▶ **Given records**:
lemma Aseq_e3:
  assumes "qint2 h \<noteq> 0"
  shows "Aseq (\<iota> (1 / qint2 h)) e3 x3 k = \<iota> ((- qp h (-2)) ^ k) * (e3 * K (-2) 0 0 ^ k)"
  using Aseq_closed_form[OF iota_central iota_central e3_x3[unfolded smul_def] K_x3]
    scalar_product[OF assms] by (simp add: iota_power)

lemma Bseq_b0:
  assumes "qint2 h \<noteq> 0"
  shows "Bseq (\<iota> (1 / qint2 h)) b0 x3 k = \<iota> ((- qp h (-2)) ^ k) * (K (-2) 0 0 ^ k * b0)"
  using Bseq_closed_form[OF iota_central iota_central x3_b0[unfolded smul_def] K_x3]
    scalar_product[OF assms] by (simp add: iota_power)

lemma E_generating_function:
  assumes "qint2 h \<noteq> 0"
  shows "Abs_fps (Aseq (\<iota> (1 / qint2 h)) e3 x3)
    = fps_const (\<iota> (1 / kap h)) * fps_const (\<iota> (kap h) * e3) * ring_inv (N11 \<iota> K (- qp h (-2)))"
proof (rule fps_ext)
  fix k
  let ?a = "- qp h (-2)" and ?T = "K (-2) 0 0"
  let ?rhs = "fps_const (\<iota> (1 / kap h)) * fps_const (\<iota> (kap h) * e3) * ring_inv (N11 \<iota> K ?a)"
  have "fps_nth ?rhs k = \<iota> (1 / kap h) * (\<iota> (kap h) * e3) * (\<iota> (?a ^ k) * ?T ^ k)"
    by (simp add: N11_ring_inv)
  also have "\<dots> = e3 * (\<iota> (?a ^ k) * ?T ^ k)"
    using kap_nz by (simp add: iota_1 flip: mult.assoc iota_mult)
  also have "\<dots> = \<iota> (?a ^ k) * (e3 * ?T ^ k)"
    using iota_central unfolding central_def by (metis mult.assoc)
  finally show "fps_nth (Abs_fps (Aseq (\<iota> (1 / qint2 h)) e3 x3)) k = fps_nth ?rhs k"
    by (simp add: Aseq_e3[OF assms])
qed

lemma F_generating_function:
  assumes "qint2 h \<noteq> 0"
  shows "Abs_fps (Bseq (\<iota> (1 / qint2 h)) b0 x3)
    = fps_const (\<iota> (1 / kap h) * \<iota> (qp h (-1))) * ring_inv (N11 \<iota> K (- qp h (-2)))
        * fps_const (\<iota> (kap h * qp h 1) * f3 * K (-1) 0 (-1))"
proof (rule fps_ext)
  fix k
  let ?a = "- qp h (-2)" and ?T = "K (-2) 0 0"
  let ?rhs = "fps_const (\<iota> (1 / kap h) * \<iota> (qp h (-1))) * ring_inv (N11 \<iota> K ?a)
        * fps_const (\<iota> (kap h * qp h 1) * f3 * K (-1) 0 (-1))"
  have scalar: "1 / kap h * qp h (-1) * (kap h * qp h 1) * ?a ^ k = ?a ^ k"
    using kap_nz qp_add[of h "-1" 1] qp_zero by (simp add: field_simps)
  have "fps_nth ?rhs k = \<iota> (1 / kap h) * \<iota> (qp h (-1)) * (\<iota> (?a ^ k) * ?T ^ k)
      * (\<iota> (kap h * qp h 1) * f3 * K (-1) 0 (-1))"
    by (simp add: N11_ring_inv)
  also have "\<dots> = smul (1 / kap h * qp h (-1) * (kap h * qp h 1) * ?a ^ k) (?T ^ k * b0)"
    by (simp add: b0_def smul_simps mult.assoc mult.left_commute mult.commute flip: smul_def iota_mult)
  also have "\<dots> = \<iota> (?a ^ k) * (?T ^ k * b0)" by (simp only: scalar smul_def)
  finally show "fps_nth (Abs_fps (Bseq (\<iota> (1 / qint2 h)) b0 x3)) k = fps_nth ?rhs k"
    by (simp add: Bseq_b0[OF assms])
qed

end

theorem mainTheorem7:
  fixes h :: complex and \<iota> :: "complex \<Rightarrow> 'a::ring_1"
    and E1 E2 F1 F2 :: 'a and K :: "complex \<Rightarrow> complex \<Rightarrow> complex \<Rightarrow> 'a"
  assumes q2: "(exp h)^2 \<noteq> 1"
    and two: "qint2 h \<noteq> 0"
    and rels: "Uq_gl3_rels h \<iota> E1 E2 F1 F2 K"
  defines "E3 \<equiv> E1 * E2 - \<iota> (qp h (-1)) * E2 * E1"
    and "F3 \<equiv> F2 * F1 - \<iota> (qp h 1) * F1 * F2"
  defines "A0 \<equiv> E3"
    and "B0 \<equiv> F3 * K (-1) 0 (-1)"
  defines "X \<equiv> A0 * B0 - \<iota> (qp h (-2)) * B0 * A0"
  defines "N13 \<equiv> \<iota> (kap h * qp h 1) * F3 * K (-1) 0 (-1)"
    and "N31 \<equiv> \<iota> (kap h) * E3"
  shows "Abs_fps (Aseq (\<iota> (1 / qint2 h)) A0 X)
           = fps_const (\<iota> (1 / kap h)) * fps_const N31 * ring_inv (N11 \<iota> K (- qp h (-2)))
       \<and> Abs_fps (Bseq (\<iota> (1 / qint2 h)) B0 X)
           = fps_const (\<iota> (1 / kap h) * \<iota> (qp h (-1))) * ring_inv (N11 \<iota> K (- qp h (-2)))
               * fps_const N13"
proof -
  interpret uq_gl3 h \<iota> E1 E2 F1 F2 K using rels q2 by unfold_locales
  have E3: "E3 = e3" unfolding E3_def e3_def smul_def by (simp add: mult.assoc)
  have F3: "F3 = f3" unfolding F3_def f3_def smul_def by (simp add: mult.assoc)
  have B0: "B0 = b0" unfolding B0_def b0_def F3 ..
  have X: "X = x3" unfolding X_def x3_def A0_def B0 E3 smul_def by (simp add: mult.assoc)
  show ?thesis
    using E_generating_function[OF two] F_generating_function[OF two]
    unfolding A0_def B0 X N31_def N13_def E3 F3 by simp
qed

end
(* With probability at least $1-o_n(1)$, $\mathbf f\sim\mathcal D^{J}_{\mathrm{no}}$ is $0.2$-far from every $(n/2)$-junta, i.e. $\Pr_x[\mathbf f(x)\ne g(x)]\ge 0.2$ for every $g:\{0,1\}^n\to\{0,1\}$ depending on at most $n/2$ coordinates.
   Context: Let $n$ be even and $a=n/2$. For a set $A$ of size $a$ and $z\in\{0,1\}^A$ with Hamming weight $|z|$: $h^{(-,0)}(z)=1$ iff $|z|>a/2+0.05\sqrt a$; $h^{(-,1)}(z)=1$ iff $|z|<a/2-0.05\sqrt a$. A draw $\mathbf f\sim\mathcal D^{J}_{\mathrm{no}}$: choose $\mathbf A\subseteq[n]$ uniformly of size $a$, $\mathbf C=[n]\setminus\mathbf A$, and a uniformly random function $\mathbf b:\{0,1\}^{\mathbf C}\to\{0,1\}$; set $\mathbf f(x)=h^{(-,\mathbf b(x_{\mathbf C}))}(x_{\mathbf A})$, where $x_B$ is the restriction of $x$ to $B$. *)

theory Defs
  imports "HOL-Probability.Probability"
begin

text \<open>Points of the cube {0,1}^n are encoded as subsets x of {..<n}
  (coordinate i is 1 iff i is in x).  Restriction x_B is x \<inter> B, and the
  Hamming weight of x_A is card (x \<inter> A).\<close>

definition cube :: "nat \<Rightarrow> nat set set" where
  "cube n = Pow {..<n}"

definition h_minus :: "nat \<Rightarrow> bool \<Rightarrow> nat set \<Rightarrow> bool" where
  "h_minus a i z =
     (if \<not> i then real (card z) > real a / 2 + 0.05 * sqrt (real a)
      else real (card z) < real a / 2 - 0.05 * sqrt (real a))"

definition noFun :: "nat \<Rightarrow> nat set \<Rightarrow> (nat set \<Rightarrow> bool) \<Rightarrow> nat set \<Rightarrow> bool" where
  "noFun n A b x = h_minus (n div 2) (b (x \<inter> ({..<n} - A))) (x \<inter> A)"

definition D_no :: "nat \<Rightarrow> (nat set \<Rightarrow> bool) pmf" where
  "D_no n =
     do { A \<leftarrow> pmf_of_set {A. A \<subseteq> {..<n} \<and> card A = n div 2};
          b \<leftarrow> pmf_of_set (Pow ({..<n} - A) \<rightarrow>\<^sub>E (UNIV :: bool set));
          return_pmf (noFun n A b) }"

definition is_junta :: "nat \<Rightarrow> nat \<Rightarrow> (nat set \<Rightarrow> bool) \<Rightarrow> bool" where
  "is_junta n k g = (\<exists>J. J \<subseteq> {..<n} \<and> card J \<le> k \<and>
      (\<forall>x\<in>cube n. \<forall>y\<in>cube n. x \<inter> J = y \<inter> J \<longrightarrow> g x = g y))"

definition rel_dist :: "nat \<Rightarrow> (nat set \<Rightarrow> bool) \<Rightarrow> (nat set \<Rightarrow> bool) \<Rightarrow> real" where
  "rel_dist n f g = real (card {x \<in> cube n. f x \<noteq> g x}) / 2 ^ n"

definition far_from_juntas :: "nat \<Rightarrow> real \<Rightarrow> nat \<Rightarrow> (nat set \<Rightarrow> bool) \<Rightarrow> bool" where
  "far_from_juntas n eps k f = (\<forall>g. is_junta n k g \<longrightarrow> rel_dist n f g \<ge> eps)"

end

theory Submission
  imports Defs "HOL-Real_Asymp.Real_Asymp"
begin

text \<open>Let C be the complement of the m-set A in {..<2m}. By the central binomial bound, for
  at least 90% of the points z of the cube on A the weight of z lies off the band
  m/2 +- 0.05 sqrt m; there h^(-,0) and h^(-,1) disagree, and so do h^(-,i) at z and at its
  complement A - z. A junta g on at most m coordinates either misses some c in C, and then
  disagrees with f at one end of every edge in direction c along which b changes, or its
  coordinates are exactly C, and then it disagrees with f at x or at x with its A-part
  complemented. The first case needs every c in C to be influential for b: the number of edges
  in direction c along which a uniformly random b changes is Binomial(2^(m-1), 1/2), so by
  Hoeffding's inequality and a union bound over C this fails with probability at most
  m exp (-2^m / 400).\<close>

section \<open>Central binomial coefficients\<close>

lemma central_binomial_Suc:
  "Suc k * (2 * Suc k choose Suc k) = 2 * (2 * k + 1) * (2 * k choose k)"
proof -
  have sym: "Suc (2 * k) choose k = Suc (2 * k) choose Suc k"
    using binomial_symmetric[of k "Suc (2 * k)"] by (simp del: binomial_Suc_Suc)
  have "Suc k * (Suc k * (2 * Suc k choose Suc k))
          = Suc k * (Suc (Suc (2 * k)) * (Suc (2 * k) choose k))"
    using Suc_times_binomial[of k "Suc (2 * k)"] by (simp del: binomial_Suc_Suc)
  also have "\<dots> = Suc (Suc (2 * k)) * (Suc k * (Suc (2 * k) choose Suc k))"
    unfolding sym by (simp only: ac_simps)
  also have "\<dots> = Suc k * (2 * (2 * k + 1) * (2 * k choose k))"
    by (simp only: Suc_times_binomial) (simp del: binomial_Suc_Suc)
  finally show ?thesis
    by (simp only: mult_cancel1) simp
qed

lemma central_binomial_sq_le: "real (2 * k choose k)^2 * (3 * k + 1) \<le> 16^k"
proof (induction k)
  case 0
  then show ?case by simp
next
  case (Suc k)
  define c where "c = real (2 * k choose k)"
  define d where "d = real (2 * Suc k choose Suc k)"
  have step: "(real k + 1) * d = 2 * (2 * k + 1) * c"
    using arg_cong[OF central_binomial_Suc[of k], of real] unfolding c_def d_def
    by (simp del: binomial_Suc_Suc mult_Suc_right add: algebra_simps)
  have "(real k + 1)^2 * (d^2 * (3 * k + 4)) = 4 * c^2 * ((2 * real k + 1)^2 * (3 * k + 4))"
    using arg_cong[OF step, of "\<lambda>t. t^2 * (3 * k + 4)"] by (simp add: power2_eq_square algebra_simps)
  also have "\<dots> \<le> 4 * c^2 * (4 * (real k + 1)^2 * (3 * k + 1))"
    by (intro mult_left_mono) (simp_all add: power2_eq_square algebra_simps)
  also have "\<dots> = 16 * (real k + 1)^2 * (c^2 * (3 * k + 1))"
    by (simp add: algebra_simps)
  also have "\<dots> \<le> 16 * (real k + 1)^2 * 16^k"
    using Suc.IH unfolding c_def by (intro mult_left_mono) simp_all
  finally have "d^2 * (3 * k + 4) \<le> 16^Suc k"
    by (simp add: mult_le_cancel_left_pos)
  then show ?case
    unfolding d_def by (simp del: binomial_Suc_Suc mult_Suc_right add: algebra_simps)
qed

text \<open>The constant matters: the middle band of width 0.1 sqrt m has to carry less than 10% of
  the cube, which needs a bound c 4^m with c < 1 (asymptotically c = 2/pi).\<close>
lemma binomial_middle_sq_le: "real (m choose (m div 2))^2 * (3 * m) \<le> 2 * 4^m"
proof (cases "even m")
  case True
  then obtain k where m: "m = 2 * k" by blast
  have "real (2 * k choose k)^2 * (3 * m) \<le> 2 * (real (2 * k choose k)^2 * (3 * k + 1))"
    unfolding m by (simp add: algebra_simps)
  also have "\<dots> \<le> 2 * 16^k"
    using central_binomial_sq_le[of k] by simp
  also have "(16::real)^k = 4^m"
    unfolding m by (simp add: power_mult)
  finally show ?thesis
    using m by simp
next
  case False
  then obtain k where m: "m = 2 * k + 1" using oddE by blast
  have double: "2 * Suc k choose Suc k = 2 * (m choose k)"
  proof -
    have "2 * Suc k choose Suc k = (Suc (2 * k) choose k) + (Suc (2 * k) choose Suc k)"
      by simp
    also have "Suc (2 * k) choose Suc k = Suc (2 * k) choose k"
      using binomial_symmetric[of k "Suc (2 * k)"] by (simp del: binomial_Suc_Suc)
    finally show ?thesis
      using m by simp
  qed
  have "(16::real)^Suc k = 4 * 4^m"
    unfolding m by (simp add: power_mult)
  then have "real (m choose k)^2 * (3 * k + 4) \<le> 4^m"
    using central_binomial_sq_le[of "Suc k"] unfolding double
    by (simp add: algebra_simps del: binomial_Suc_Suc)
  moreover have "real (m choose k)^2 * (3 * m) \<le> 2 * (real (m choose k)^2 * (3 * k + 4))"
    unfolding m by (simp add: algebra_simps)
  ultimately have "real (m choose k)^2 * (3 * m) \<le> 2 * 4^m"
    by linarith
  then show ?thesis
    using m by simp
qed

section \<open>The middle layers\<close>

definition off_middle :: "nat \<Rightarrow> nat set \<Rightarrow> bool" where
  "off_middle m z \<longleftrightarrow> 0.05 * sqrt (real m) < \<bar>real (card z) - real m / 2\<bar>"

lemma h_minus_index_differ:
  assumes "off_middle a z" "i \<noteq> j"
  shows "h_minus a i z \<noteq> h_minus a j z"
proof -
  define t where "t = 0.05 * sqrt (real a)"
  have "t \<ge> 0"
    unfolding t_def by simp
  then show ?thesis
    using assms unfolding off_middle_def h_minus_def t_def[symmetric]
    by (cases i; cases j) (auto simp: abs_if split: if_split_asm)
qed

lemma h_minus_complement_differ:
  assumes "off_middle a z" "card z + card z' = a"
  shows "h_minus a i z \<noteq> h_minus a i z'"
proof -
  define t where "t = 0.05 * sqrt (real a)"
  have "t \<ge> 0"
    unfolding t_def by simp
  moreover have "real (card z') = real a - real (card z)"
    using assms(2) by linarith
  ultimately show ?thesis
    using assms(1) unfolding off_middle_def h_minus_def t_def[symmetric]
    by (cases i) (auto simp: abs_if split: if_split_asm)
qed

lemma card_nat_set_le_diameter:
  fixes K :: "nat set"
  assumes "finite K" "\<And>a b. a \<in> K \<Longrightarrow> b \<in> K \<Longrightarrow> real b - real a \<le> w" "w \<ge> 0"
  shows "real (card K) \<le> w + 1"
proof (cases "K = {}")
  case True
  then show ?thesis using assms by simp
next
  case False
  have K: "Min K \<in> K" "Max K \<in> K" "K \<subseteq> {Min K..Max K}"
    using False assms(1) by auto
  then have "Min K \<le> Max K"
    by auto
  have "card K \<le> Suc (Max K) - Min K"
    using K card_mono[of "{Min K..Max K}" K] by simp
  also have "real (Suc (Max K) - Min K) = real (Max K) - real (Min K) + 1"
    using \<open>Min K \<le> Max K\<close> by (simp add: of_nat_diff)
  also have "\<dots> \<le> w + 1"
    using assms(2)[OF K(1,2)] by simp
  finally show ?thesis
    by simp
qed
lemma emst_subset_rng_edges:
  assumes "finite V" "general_position V" "is_emst V T"
  shows "T \<subseteq> rng_edges V"
proof
  fix e assume "e \<in> T"
  have T: "T \<subseteq> all_pairs V" "graph_connected V T"
    using assms(3) unfolding is_emst_def spanning_tree_def by auto
  then obtain u v where e: "e = {u, v}" "u \<in> V" "v \<in> V" "u \<noteq> v"
    using \<open>e \<in> T\<close> unfolding all_pairs_def by blast
  show "e \<in> rng_edges V"
  proof (rule ccontr)
    assume "e \<notin> rng_edges V"
    then obtain n where n: "n \<in> V - {u, v}" "dist n u < dist u v" "dist n v < dist u v"
      using not_in_rng_edges_witness[OF assms(2) e(2-4)] e(1) by blast
    have "(u, n) \<in> (edge_rel T)\<^sup>*" using T(2) e n unfolding graph_connected_def by blast
    then consider "(u, n) \<in> (edge_rel (T - {{u, v}}))\<^sup>*" | "(v, n) \<in> (edge_rel (T - {{v, u}}))\<^sup>*"
      using rtrancl_edge_rel_Diff_doubleton[of u n T v] by (auto simp: insert_commute)
    then show False
    proof cases
      case 1
      then have "dist u v \<le> dist n v"
        using emst_exchange[OF assms(1,3)] \<open>e \<in> T\<close> e(1) n(1) by blast
      then show False using n(3) by simp
    next
      case 2
      then have "dist v u \<le> dist n u"
        using emst_exchange[OF assms(1,3)] \<open>e \<in> T\<close> e(1) n(1) by (auto simp: insert_commute)
      then show False using n(2) by (simp add: dist_commute)
    qed
  qed
qed

theorem mainTheorem3:
  fixes V :: "'a::euclidean_space set" and \<alpha> :: "'a \<Rightarrow> real"
  assumes "finite V"
    and "general_position V"
    and "\<forall>u\<in>V. \<alpha> u \<ge> 1"
  shows "(\<forall>T. is_emst V T \<longrightarrow> T \<subseteq> rng_edges V)
         \<and> rng_edges V \<subseteq> mcgi_edges V \<alpha>
         \<and> graph_connected V (mcgi_edges V \<alpha>)"
proof (intro conjI allI impI)
  show "\<And>T. is_emst V T \<Longrightarrow> T \<subseteq> rng_edges V"
    using emst_subset_rng_edges assms(1,2) by blast
  show sub: "rng_edges V \<subseteq> mcgi_edges V \<alpha>"
    using rng_edges_subset_mcgi_edges assms(3) .
  show "graph_connected V (mcgi_edges V \<alpha>)"
    using graph_connected_rng[OF assms(1,2)] rtrancl_edge_rel_mono[OF sub]
    unfolding graph_connected_def by blast
qed

end
lemma power_multiple_on_circle_mult:
  assumes "r > 0" "power_multiple_on_circle r k f" "power_multiple_on_circle r l g"
  shows "power_multiple_on_circle r (k + l) (\<lambda>w. f w * g w)"
proof -
  obtain h1 h2 where h: "h1 holomorphic_on ball 0 (2 * r)" "h2 holomorphic_on ball 0 (2 * r)"
    "\<forall>w. cmod w = r \<longrightarrow> f w = w powi k * h1 w" "\<forall>w. cmod w = r \<longrightarrow> g w = w powi l * h2 w"
    using assms(2,3) by (auto simp: power_multiple_on_circle_def)
  have "f w * g w = w powi (k + l) * (h1 w * h2 w)" if "cmod w = r" for w
    using h that assms(1) by (auto simp: power_int_add)
  then show ?thesis
    unfolding power_multiple_on_circle_def using h(1,2) by (blast intro: holomorphic_intros)
qed

lemma power_multiple_on_circle_prod:
  assumes "r > 0" "finite S" "\<And>i. i \<in> S \<Longrightarrow> power_multiple_on_circle r (k i) (f i)"
  shows "power_multiple_on_circle r (\<Sum>i\<in>S. k i) (\<lambda>w. \<Prod>i\<in>S. f i w)"
  using assms(2,3)
proof (induction S rule: finite_induct)
  case empty
  then show ?case using power_multiple_on_circle_const[of r 1] by simp
next
  case (insert i S)
  then show ?case
    using power_multiple_on_circle_mult[OF assms(1), of "k i" "f i"] by simp
qed

lemma power_multiple_on_circle_mono:
  assumes "power_multiple_on_circle r k f" "l \<le> k" "r > 0"
  shows "power_multiple_on_circle r l f"
proof -
  obtain h where h: "h holomorphic_on ball 0 (2 * r)" "\<forall>w. cmod w = r \<longrightarrow> f w = w powi k * h w"
    using assms(1) by (auto simp: power_multiple_on_circle_def)
  have "f w = w powi l * (w ^ nat (k - l) * h w)" if "cmod w = r" for w
  proof -
    have "w powi k = w powi l * w powi (k - l)"
      using power_int_add[of w l "k - l"] assms(3) that by auto
    then show ?thesis
      using h that assms(2) by (simp add: power_int_def)
  qed
  moreover have "(\<lambda>w. w ^ nat (k - l) * h w) holomorphic_on ball 0 (2 * r)"
    using h by (intro holomorphic_intros)
  ultimately show ?thesis
    unfolding power_multiple_on_circle_def by blast
qed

▶ **Task to carry out**: From the data above, output exactly the lines between the one containing "using assms(1) by" and the one containing "h w) holomorphic_on", counting both of them.

▶ **Result of this exercise**:
    using assms(1) by (auto simp: power_multiple_on_circle_def)
  have "f w = w powi l * (w ^ nat (k - l) * h w)" if "cmod w = r" for w
  proof -
    have "w powi k = w powi l * w powi (k - l)"
      using power_int_add[of w l "k - l"] assms(3) that by auto
    then show ?thesis
      using h that assms(2) by (simp add: power_int_def)
  qed
  moreover have "(\<lambda>w. w ^ nat (k - l) * h w) holomorphic_on ball 0 (2 * r)"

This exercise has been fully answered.